- **Task to complete**
Collect each line of the entries that holds the string "forall".

[Collected data]
=====

lemma residue_count_ge_1_iff:
  assumes "finite M"
  shows "residue_count n x M r \<ge> 1 \<longleftrightarrow> (\<exists>m\<in>M. x m mod int n = r)"
proof
  assume ge: "residue_count n x M r \<ge> 1"
  show "\<exists>m\<in>M. x m mod int n = r"
  proof (rule ccontr)
    assume "\<not> (\<exists>m\<in>M. x m mod int n = r)"
    then have "residue_count n x M r = 0"
      unfolding residue_count_def by (intro sum.neutral) auto
    then show False using ge by simp
  qed
next
  assume "\<exists>m\<in>M. x m mod int n = r"
  then obtain m where "m \<in> M" "x m mod int n = r" by blast
  then have "of_bool (x m mod int n = r) \<le> residue_count n x M r"
    unfolding residue_count_def by (intro member_le_sum) (use assms in auto)
  then show "residue_count n x M r \<ge> 1" using \<open>x m mod int n = r\<close> by simp
qed

lemma sum_residue_count:
  assumes "n > 0"
  shows "(\<Sum>r\<in>{0..<int n}. residue_count n x M r) = int (card M)"
proof -
  have "(\<Sum>r\<in>{0..<int n}. residue_count n x M r)
      = (\<Sum>m\<in>M. \<Sum>r\<in>{0..<int n}. of_bool (x m mod int n = r))"
    unfolding residue_count_def by (rule sum.swap)
  also have "\<dots> = (\<Sum>m\<in>M. 1)"
    using assms by (intro sum.cong) (auto simp: sum.delta)
  finally show ?thesis by simp
qed

lemma residue_image_eq_iff:
  assumes "n > 0" "finite M"
  shows "(\<lambda>y. y mod int n) ` (x ` M) = (\<lambda>y. y mod int n) ` {1..int n}
    \<longleftrightarrow> (\<forall>r\<in>{0..<int n}. residue_count n x M r \<ge> 1)"
proof -
  have full: "(\<lambda>y. y mod int n) ` {1..int n} = {0..<int n}"
  proof (intro equalityI subsetI)
    fix r assume r: "r \<in> {0..<int n}"
    show "r \<in> (\<lambda>y. y mod int n) ` {1..int n}"
    proof (cases "r = 0")
      case True
      then show ?thesis using assms(1) by (intro image_eqI[of _ _ "int n"]) auto
    qed (use r in \<open>auto intro: image_eqI[of _ _ r]\<close>)
  qed (use assms(1) in auto)
  have onto_iff: "g ` M = S \<longleftrightarrow> (\<forall>r\<in>S. \<exists>m\<in>M. g m = r)" if "g ` M \<subseteq> S" for g :: "_ \<Rightarrow> int" and S
    using that by (auto simp: image_iff)
  have "(\<lambda>m. x m mod int n) ` M = {0..<int n}
      \<longleftrightarrow> (\<forall>r\<in>{0..<int n}. \<exists>m\<in>M. x m mod int n = r)"
    by (rule onto_iff) (use assms(1) in auto)
  then show ?thesis
    unfolding full image_image residue_count_ge_1_iff[OF assms(2)] .
qed

lemma cgen_apply:
  assumes "n > 0"
  shows "cgen n x k = (if 1 \<le> k \<and> k < n
      then of_bool (x mod int n = int k) - of_bool (x mod int n = 0) else 0)"
proof -
  define r where "r = x mod int n"
  have r: "0 \<le> r" "r < int n" using assms by (auto simp: r_def)
  then have "nat r = 0 \<longleftrightarrow> r = 0" "nat r = k \<longleftrightarrow> r = int k" by auto
  then show ?thesis unfolding cgen_def Let_def r_def[symmetric] using r by auto
qed

lemma sum_cgen_apply:
  assumes "n > 0"
  shows "(\<Sum>m\<in>M. cgen n (x m)) k = (if 1 \<le> k \<and> k < n
      then residue_count n x M (int k) - residue_count n x M 0 else 0)"
proof (cases "1 \<le> k \<and> k < n")
  case True
  then show ?thesis using assms unfolding sum_fun_apply residue_count_def
    by (simp add: cgen_apply sum_subtractf del: sum_of_bool_eq)
next
  case False
  then have "cgen n y k = 0" for y using assms cgen_apply by presburger
  then show ?thesis by (subst if_not_P[OF False]) (simp add: sum_fun_apply)
qed

definition low_residue :: "nat \<Rightarrow> int \<Rightarrow> int \<Rightarrow> int" where
  "low_residue n q y = of_bool (y mod int n \<in> {1..q})"

lemma cgen_apply_eq_low_residue_diff:
  assumes "1 \<le> k" "k < n"
  shows "cgen n y k = low_residue n (int k) y - low_residue n (int k) (y + 1)"
proof -
  define r where "r = y mod int n"
  have r: "0 \<le> r" "r < int n" using assms by (auto simp: r_def)
  have "(y + 1) mod int n = (r + 1) mod int n" by (simp add: r_def mod_add_left_eq)
  also have "\<dots> = (if r + 1 = int n then 0 else r + 1)" using r by auto
  finally have succ: "(y + 1) mod int n = (if r + 1 = int n then 0 else r + 1)" .
  show ?thesis
    using assms r cgen_apply[of n y k] unfolding low_residue_def succ r_def[symmetric] by auto
qed

lemma cseg_apply:
  assumes "1 \<le> k" "k < n"
  shows "cseg n a b k = low_residue n (int k) b - low_residue n (int k) a"
proof -
  define L where "L = (a - b) mod int n"
  have L: "0 \<le> L" using assms by (simp add: L_def)
  let ?G = "\<lambda>t. - low_residue n (int k) t"
  have "cseg n a b k = (\<Sum>t\<in>{a - L..<(a - L) + int (nat L)}. ?G (t + 1) - ?G t)"
    using L cgen_apply_eq_low_residue_diff[OF assms]
    unfolding cseg_def L_def by (simp add: sum_fun_apply)
  also have "\<dots> = ?G a - ?G (a - L)"
    using L by (subst sum_int_interval_telescope) simp
  also have "(a - L) mod int n = b mod int n"
    unfolding L_def by (simp add: mod_diff_right_eq)
  then have "?G (a - L) = ?G b" unfolding low_residue_def by simp
  finally show ?thesis by simp
qed

lemma sum_low_residue_int:
  assumes "1 \<le> k" "k < n"
  shows "(\<Sum>m\<in>{1..n}. low_residue n (int k) (int m)) = int k"
proof -
  have "low_residue n (int k) (int m) = of_bool (m \<in> {1..k})" if "m \<in> {1..n}" for m
    using assms that unfolding low_residue_def by (cases "m = n") auto
  then have "(\<Sum>m\<in>{1..n}. low_residue n (int k) (int m)) = (\<Sum>m\<in>{1..n}. of_bool (m \<in> {1..k}))"
    by (rule sum.cong[OF refl])
  also have "\<dots> = int (card ({1..n} \<inter> {m. m \<in> {1..k}}))"
    by (intro sum_of_bool_eq finite_atLeastAtMost)
  also have "{1..n} \<inter> {m. m \<in> {1..k}} = {1..k}" using assms by auto
  finally show ?thesis by simp
qed

lemma sum_low_residue_eq_sum_residue_count:
  "(\<Sum>m\<in>M. low_residue n q (x m)) = (\<Sum>r\<in>{1..q}. residue_count n x M r)"
proof -
  have "(\<Sum>r\<in>{1..q}. residue_count n x M r) = (\<Sum>m\<in>M. \<Sum>r\<in>{1..q}. of_bool (x m mod int n = r))"
    unfolding residue_count_def by (rule sum.swap)
  also have "\<dots> = (\<Sum>m\<in>M. low_residue n q (x m))"
    unfolding low_residue_def by (intro sum.cong) (auto simp: sum.delta)
  finally show ?thesis by simp
qed

lemma sum_cseg_apply:
  assumes "n > 0"
  shows "(\<Sum>m\<in>{1..n}. cseg n (x m) (int m)) k = (if 1 \<le> k \<and> k < n
      then int k - (\<Sum>r\<in>{1..int k}. residue_count n x {1..n} r) else 0)"
proof (cases "1 \<le> k \<and> k < n")
  case True
  then have "(\<Sum>m\<in>{1..n}. cseg n (x m) (int m)) k
      = (\<Sum>m\<in>{1..n}. low_residue n (int k) (int m)) - (\<Sum>m\<in>{1..n}. low_residue n (int k) (x m))"
    by (simp add: sum_fun_apply cseg_apply sum_subtractf)
  also have "\<dots> = int k - (\<Sum>r\<in>{1..int k}. residue_count n x {1..n} r)"
    using True sum_low_residue_int[of k n] sum_low_residue_eq_sum_residue_count[of n "int k" x]
    by simp
  finally show ?thesis using True by simp
next
  case False
  have "cseg n a b k = 0" for a b
    unfolding cseg_def sum_fun_apply using False assms by (intro sum.neutral) (auto simp: cgen_apply)
  then show ?thesis by (subst if_not_P[OF False]) (simp add: sum_fun_apply)
qed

=====

- **Written response**
    \<longleftrightarrow> (\<forall>r\<in>{0..<int n}. residue_count n x M r \<ge> 1)"
  have onto_iff: "g ` M = S \<longleftrightarrow> (\<forall>r\<in>S. \<exists>m\<in>M. g m = r)" if "g ` M \<subseteq> S" for g :: "_ \<Rightarrow> int" and S
      \<longleftrightarrow> (\<forall>r\<in>{0..<int n}. \<exists>m\<in>M. x m mod int n = r)"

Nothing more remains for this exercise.